### THE TASK
Repeat word for word the opening stretch of the entries, from the first line through the line containing "by (rule maj_gf_snoc_image_eq_sum)".

Stored data entries
lemma maj_gf_snoc_image_eq_sum: "maj_gf r ((\<lambda>u. u @ [x]) ` A) = (\<Sum>u\<in>A. q ^ maj r (u @ [x]))"
  unfolding maj_gf_def by (subst sum.reindex) (auto simp: inj_on_def)

lemma maj_gf_snoc_image:
  assumes "\<And>u. u \<in> A \<Longrightarrow> u \<noteq> [] \<and> length u = m \<and> last u = y"
  shows "maj_gf r ((\<lambda>u. u @ [x]) ` A) = q ^ (if r x < r y then m else 0) * maj_gf r A"
proof -
  have "maj_gf r ((\<lambda>u. u @ [x]) ` A) = (\<Sum>u\<in>A. q ^ maj r (u @ [x]))"
    by (rule maj_gf_snoc_image_eq_sum)
  also have "\<dots> = (\<Sum>u\<in>A. q ^ (if r x < r y then m else 0) * q ^ maj r u)"
    using assms by (intro sum.cong) (auto simp: maj_snoc power_add)
  finally show ?thesis
    by (simp add: maj_gf_def sum_distrib_left)
qed

lemma maj_gf_snoc_image_max:
  assumes "\<And>u. u \<in> A \<Longrightarrow> u \<noteq> [] \<Longrightarrow> r (last u) \<le> r x"
  shows "maj_gf r ((\<lambda>u. u @ [x]) ` A) = maj_gf r A"
  unfolding maj_gf_snoc_image_eq_sum unfolding maj_gf_def
  using assms by (intro sum.cong) (auto simp: maj_snoc not_less[symmetric])

lemma maj_gf_union:
  "finite A \<Longrightarrow> finite B \<Longrightarrow> A \<inter> B = {} \<Longrightarrow> maj_gf r (A \<union> B) = maj_gf r A + maj_gf r B"
  by (simp add: maj_gf_def sum.union_disjoint)

lemma maj_gf_Un_ending:
  assumes "A = ending y1 A \<union> ending y2 A" "y1 \<noteq> y2" "finite A"
  shows "maj_gf r A = maj_gf r (ending y1 A) + maj_gf r (ending y2 A)"
proof -
  have "finite (ending y A)" for y
    using \<open>finite A\<close> by (simp add: ending_def)
  moreover have "ending y1 A \<inter> ending y2 A = {}"
    using \<open>y1 \<noteq> y2\<close> by (auto simp: ending_def)
  ultimately show ?thesis
    by (subst assms(1)) (simp add: maj_gf_union)
qed

lemma maj_gf_snoc_image_Un_ending:
  assumes "A = ending y1 A \<union> ending y2 A" "y1 \<noteq> y2" "finite A"
    and "\<And>u. u \<in> A \<Longrightarrow> length u = m"
  shows "maj_gf r ((\<lambda>u. u @ [x]) ` A)
    = q ^ (if r x < r y1 then m else 0) * maj_gf r (ending y1 A)
      + q ^ (if r x < r y2 then m else 0) * maj_gf r (ending y2 A)"
proof -
  have "maj_gf r ((\<lambda>u. u @ [x]) ` ending y A)
      = q ^ (if r x < r y then m else 0) * maj_gf r (ending y A)" for y
    using assms(4) by (intro maj_gf_snoc_image) (auto simp: ending_def)
  moreover have "(\<lambda>u. u @ [x]) ` A = (\<lambda>u. u @ [x]) ` ending y1 A \<union> (\<lambda>u. u @ [x]) ` ending y2 A"
    by (subst assms(1)) (rule image_Un)
  moreover have "(\<lambda>u. u @ [x]) ` ending y1 A \<inter> (\<lambda>u. u @ [x]) ` ending y2 A = {}"
    using \<open>y1 \<noteq> y2\<close> by (auto simp: ending_def)
  moreover have "finite ((\<lambda>u. u @ [x]) ` ending y A)" for y
    using \<open>finite A\<close> by (simp add: ending_def)
  ultimately show ?thesis
    by (simp add: maj_gf_union)
qed
theorem mainTheorem1:
  fixes n :: nat and I :: "nat list"
  assumes "n \<ge> 1" and "is_composition I n"
  shows "(\<Sum>\<sigma>\<in>{\<sigma> \<in> permutations_of_set {1..n}. saillance_comp \<sigma> = I}.
            monom (1::real) ((n choose 2) - inv_count \<sigma>))
         = monom 1 (comp_maj I) * qfact n
           div (\<Prod>j<length I. qint (sum_list (take (j + 1) I)))"
proof -
  have I: "0 \<notin> set I" "sum_list I = n"
    using assms(2) by (auto simp: is_composition_def)
  have mono: "strict_mono_on {..length I} (\<lambda>j. sum_list (take j I))"
    using sum_list_take_strict_mono[OF I(1)] .
  have "block_starts I \<subseteq> {..<n}"
    using strict_mono_onD[OF mono, of _ "length I"] I(2) by (auto simp: block_starts_def)
  have "(\<Sum>\<sigma>\<in>{\<sigma> \<in> permutations_of_set {1..n}. saillance_comp \<sigma> = I}.
            monom (1::real) ((n choose 2) - inv_count \<sigma>))
      = (\<Sum>\<sigma>\<in>permutations_of_set {1..n}.
            if record_positions \<sigma> = block_starts I then monom 1 (coinv_count \<sigma>) else 0)"
    using sum_saillance_comp_eq_sum_record_positions[of I "{1..n}"] I by simp
  also have "\<dots> = records_poly n (block_starts I)"
    using sum_coinv_count_record_positions[of "{1..n}"] \<open>block_starts I \<subseteq> {..<n}\<close> by simp
  also have "\<dots> = monom 1 (comp_maj I) * qfact n
                   div (\<Prod>j<length I. qint (sum_list (take (j + 1) I)))"
    using records_poly_eq_qfact_div[OF mono] I(2) by (simp add: block_starts_def comp_maj_eq_sum_take)
  finally show ?thesis .
qed

end
lemma integral_indicator_iexp_eq_if_joint_char_eq:
  fixes g h :: "'a \<Rightarrow> real"
  assumes "finite_measure \<mu>" "finite_measure \<nu>" "sets \<mu> = sets \<nu>"
    and "g \<in> borel_measurable \<mu>" "h \<in> borel_measurable \<mu>" "E \<in> sets borel"
    and "\<And>\<tau> \<theta>. (\<integral>x. iexp (\<tau> * g x + \<theta> * h x) \<partial>\<mu>) = (\<integral>x. iexp (\<tau> * g x + \<theta> * h x) \<partial>\<nu>)"
  shows "(\<integral>x. indicator E (g x) *\<^sub>R iexp (h x) \<partial>\<mu>) = (\<integral>x. indicator E (g x) *\<^sub>R iexp (h x) \<partial>\<nu>)"
proof -
  have meas_\<nu>: "g \<in> borel_measurable \<nu>" "h \<in> borel_measurable \<nu>"
    using assms(4,5) measurable_cong_sets[OF assms(3) refl] by blast+
  \<comment> \<open>real and imaginary parts, as the cases \<open>\<phi> = 0\<close> and \<open>\<phi> = - pi / 2\<close> of the previous lemma\<close>
  have decompose: "(\<integral>x. indicator E (g x) *\<^sub>R iexp (h x) \<partial>M) =
      complex_of_real (\<integral>x. indicator E (g x) * cos (h x + 0) \<partial>M) +
      \<i> * complex_of_real (\<integral>x. indicator E (g x) * cos (h x + - (pi / 2)) \<partial>M)"
    if "finite_measure M" "g \<in> borel_measurable M" "h \<in> borel_measurable M" for M
  proof -
    have "indicator E (g x) *\<^sub>R iexp (h x) =
        complex_of_real (indicator E (g x) * cos (h x)) + \<i> * complex_of_real (indicator E (g x) * sin (h x))" for x
      by (rule complex_eqI) (simp_all add: Re_exp Im_exp)
    moreover have "integrable M (\<lambda>x. indicator E (g x) * cos (h x))" "integrable M (\<lambda>x. indicator E (g x) * sin (h x))"
      using that assms(6)
      by (auto intro!: finite_measure.integrable_const_bound[where B=1] simp: abs_mult mult_le_one)
    ultimately show ?thesis
      by (simp add: cos_diff del: of_real_mult)
  qed
  show ?thesis
    unfolding decompose[OF assms(1,4,5)] decompose[OF assms(2) meas_\<nu>]
      integral_indicator_cos_eq_if_joint_char_eq[OF assms] ..
qed

lemma measure_eqI_PiM_boxes:
  fixes \<mu> \<nu> :: "('i \<Rightarrow> real) measure"
  assumes "finite J" "finite_measure \<mu>"
    and "sets \<mu> = sets (PiM J (\<lambda>_. borel))" "sets \<nu> = sets (PiM J (\<lambda>_. borel))"
    and "\<And>A. (\<And>i. i \<in> J \<Longrightarrow> A i \<in> sets borel) \<Longrightarrow> emeasure \<mu> (PiE J A) = emeasure \<nu> (PiE J A)"
  shows "\<mu> = \<nu>"
proof (rule measure_eqI_PiM_finite[OF assms(1,3,4), where A="\<lambda>_. PiE J (\<lambda>_. UNIV)"])
  show "range (\<lambda>_. PiE J (\<lambda>_. UNIV)) \<subseteq> prod_algebra J (\<lambda>_. borel)"
    using prod_algebraI_finite[OF assms(1), of "\<lambda>_. UNIV" "\<lambda>_. borel"] by auto
  show "emeasure \<mu> (PiE J (\<lambda>_. UNIV)) \<noteq> \<infinity>"
    using finite_measure.emeasure_finite[OF assms(2)] by simp
qed (simp_all add: assms(5) space_PiM)
lemma ext_subset_pairs: "ext C \<subseteq> pairs (set C)"
proof
  fix e assume "e \<in> ext C"
  then obtain i where i: "i < length C" "e = {C ! i, C ! (Suc i mod length C)}"
    using length by (auto elim: ext_memE)
  have succ: "Suc i mod length C < length C" by (rule mod_less_divisor) (use length in linarith)
  have "Suc i mod length C \<noteq> i" using i(1) length by (auto simp: mod_if)
  then have "C ! i \<in> set C" "C ! (Suc i mod length C) \<in> set C"
    "C ! i \<noteq> C ! (Suc i mod length C)"
    using i(1) succ distinct by (auto simp: nth_eq_iff_index_eq)
  then show "e \<in> pairs (set C)" unfolding pairs_def i(2) by blast
qed

lemma Ec_eq_chords_Un_F: "Ec (set C) E = chords \<union> F" and chords_Int_F: "chords \<inter> F = {}"
  using ext_subset_pairs subgraph unfolding Ec_def by auto

lemma lift_mem_Xset:
  assumes x: "x \<in> Xset (set C) (ext C)"
  shows "indicator_vec F + x \<in> Xset (set C) E"
proof -
  let ?y = "indicator_vec F + x"
  have x0: "\<And>f. f \<notin> chords \<Longrightarrow> x $ f = 0" and "\<And>f. f \<in> chords \<Longrightarrow> x $ f \<in> {0, 1}"
    and "chordal (set C) (ext C \<union> {f \<in> chords. x $ f = 1})"
    using x unfolding Xset_def by auto
  moreover have "E \<union> {f \<in> Ec (set C) E. ?y $ f = 1} = ext C \<union> {f \<in> chords. x $ f = 1}"
    using x0 subgraph chords_Int_F unfolding Ec_eq_chords_Un_F by auto
  ultimately show ?thesis
    unfolding Xset_def Ec_eq_chords_Un_F using chords_Int_F by auto
qed

lemma unlift_mem_Xset:
  assumes x: "x \<in> Xset (set C) E" and F1: "\<forall>f\<in>F. x $ f = 1"
  shows "x - indicator_vec F \<in> Xset (set C) (ext C)"
proof -
  let ?y = "x - indicator_vec F"
  have "\<And>f. f \<notin> chords \<union> F \<Longrightarrow> x $ f = 0"
    and "\<And>f. f \<in> chords \<union> F \<Longrightarrow> x $ f \<in> {0, 1}"
    and "chordal (set C) (E \<union> {f \<in> chords \<union> F. x $ f = 1})"
    using x unfolding Xset_def Ec_eq_chords_Un_F by auto
  moreover have "E \<union> {f \<in> chords \<union> F. x $ f = 1} = ext C \<union> {f \<in> chords. ?y $ f = 1}"
    using F1 subgraph chords_Int_F by auto
  ultimately show ?thesis
    unfolding Xset_def using F1 chords_Int_F by auto
qed

lemma drop_one_mem_Xset:
  assumes "f \<in> F"
  shows "indicator_vec (F - {f}) \<in> Xset (set C) E"
proof (rule indicator_vec_in_XsetI)
  show "F - {f} \<subseteq> Ec (set C) E" unfolding Ec_eq_chords_Un_F by auto
  have "E \<union> (F - {f}) = ext C - {f}" using assms subgraph by auto
  moreover have "C \<noteq> []" using length by auto
  ultimately show "chordal (set C) (E \<union> (F - {f}))"
    using chordal_cycle_minus_edge[OF distinct] assms by simp
qed

lemma lift_mem_convex_hull:
  assumes "x \<in> convex hull Xset (set C) (ext C)"
  shows "indicator_vec F + x \<in> convex hull Xset (set C) E"
proof -
  have "(+) (indicator_vec F) ` (convex hull Xset (set C) (ext C))
      = convex hull ((+) (indicator_vec F) ` Xset (set C) (ext C))"
    by (rule convex_hull_translation[symmetric])
  also have "\<dots> \<subseteq> convex hull Xset (set C) E"
    using lift_mem_Xset by (intro hull_mono) auto
  finally show ?thesis using assms by blast
qed

end

locale cycle_subgraph_facet = cycle_subgraph C E
  for C :: "'v::finite list" and E :: "'v set set" +
  fixes a :: "real ^ ('v set)" and b :: real
  assumes facet: "facet_defining (\<lambda>x. \<Sum>f\<in>Ec (set C) (ext C). a $ f * x $ f) (\<lambda>x. b)
      (convex hull Xset (set C) (ext C))"
    and weights_nonneg: "\<forall>f\<in>Ec (set C) (ext C). 0 \<le> a $ f"
begin

definition lhs :: "real ^ ('v set) \<Rightarrow> real" where
  "lhs x = (\<Sum>f\<in>chords. a $ f * x $ f)"

definition rhs :: "real ^ ('v set) \<Rightarrow> real" where
  "rhs x = b * ((\<Sum>f\<in>F. x $ f) - real (card F) + 1)"

lemma lhs_restricted_weights:
  "(\<lambda>x. \<Sum>f\<in>Ec (set C) E. (\<chi> f. if f \<in> Ec (set C) E - F then a $ f else 0) $ f * x $ f) = lhs"
proof
  fix x :: "real ^ ('v set)"
  have "Ec (set C) E - F = chords" using Ec_eq_chords_Un_F chords_Int_F by blast
  then have "(\<Sum>f\<in>Ec (set C) E. (\<chi> f. if f \<in> Ec (set C) E - F then a $ f else 0) $ f * x $ f)
      = (\<Sum>f\<in>chords \<union> F. if f \<in> chords then a $ f * x $ f else 0)"
    unfolding Ec_eq_chords_Un_F by (intro sum.cong) auto
  also have "\<dots> = lhs x"
    unfolding lhs_def by (simp add: sum.If_cases Int_absorb2)
  finally show "(\<Sum>f\<in>Ec (set C) E. (\<chi> f. if f \<in> Ec (set C) E - F then a $ f else 0) $ f * x $ f)
      = lhs x" .
qed

lemma lhs_nonneg: "\<forall>f\<in>chords. 0 \<le> x $ f \<Longrightarrow> 0 \<le> lhs x"
  unfolding lhs_def using weights_nonneg by (intro sum_nonneg mult_nonneg_nonneg) auto

lemma lhs_translate_F: "lhs (indicator_vec F + x) = lhs x"
  unfolding lhs_def using chords_Int_F by (intro sum.cong) auto

lemma rhs_translate_F:
  assumes "x \<in> coord_subspace chords"
  shows "rhs (indicator_vec F + x) = b"
proof -
  have "(\<Sum>f\<in>F. (indicator_vec F + x) $ f) = (\<Sum>f\<in>F. 1)"
    using assms chords_Int_F unfolding coord_subspace_def by (intro sum.cong) auto
  then show ?thesis unfolding rhs_def by simp
qed

lemma lhs_minus_rhs_eq_inner:
  "lhs x - rhs x
     = ((\<chi> f. if f \<in> chords then a $ f else 0) - b *\<^sub>R indicator_vec F) \<bullet> x
       - b * (1 - real (card F))"
proof -
  have "(\<Sum>f\<in>F. x $ f) = (\<Sum>f\<in>F. 1 * x $ f)" by simp
  then show ?thesis
    unfolding lhs_def rhs_def sum_coords_eq_inner inner_diff_left
    by (simp add: indicator_vec_def algebra_simps)
qed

### FINAL ANSWER
lemma maj_gf_snoc_image_eq_sum: "maj_gf r ((\<lambda>u. u @ [x]) ` A) = (\<Sum>u\<in>A. q ^ maj r (u @ [x]))"
  unfolding maj_gf_def by (subst sum.reindex) (auto simp: inj_on_def)

lemma maj_gf_snoc_image:
  assumes "\<And>u. u \<in> A \<Longrightarrow> u \<noteq> [] \<and> length u = m \<and> last u = y"
  shows "maj_gf r ((\<lambda>u. u @ [x]) ` A) = q ^ (if r x < r y then m else 0) * maj_gf r A"
proof -
  have "maj_gf r ((\<lambda>u. u @ [x]) ` A) = (\<Sum>u\<in>A. q ^ maj r (u @ [x]))"
    by (rule maj_gf_snoc_image_eq_sum)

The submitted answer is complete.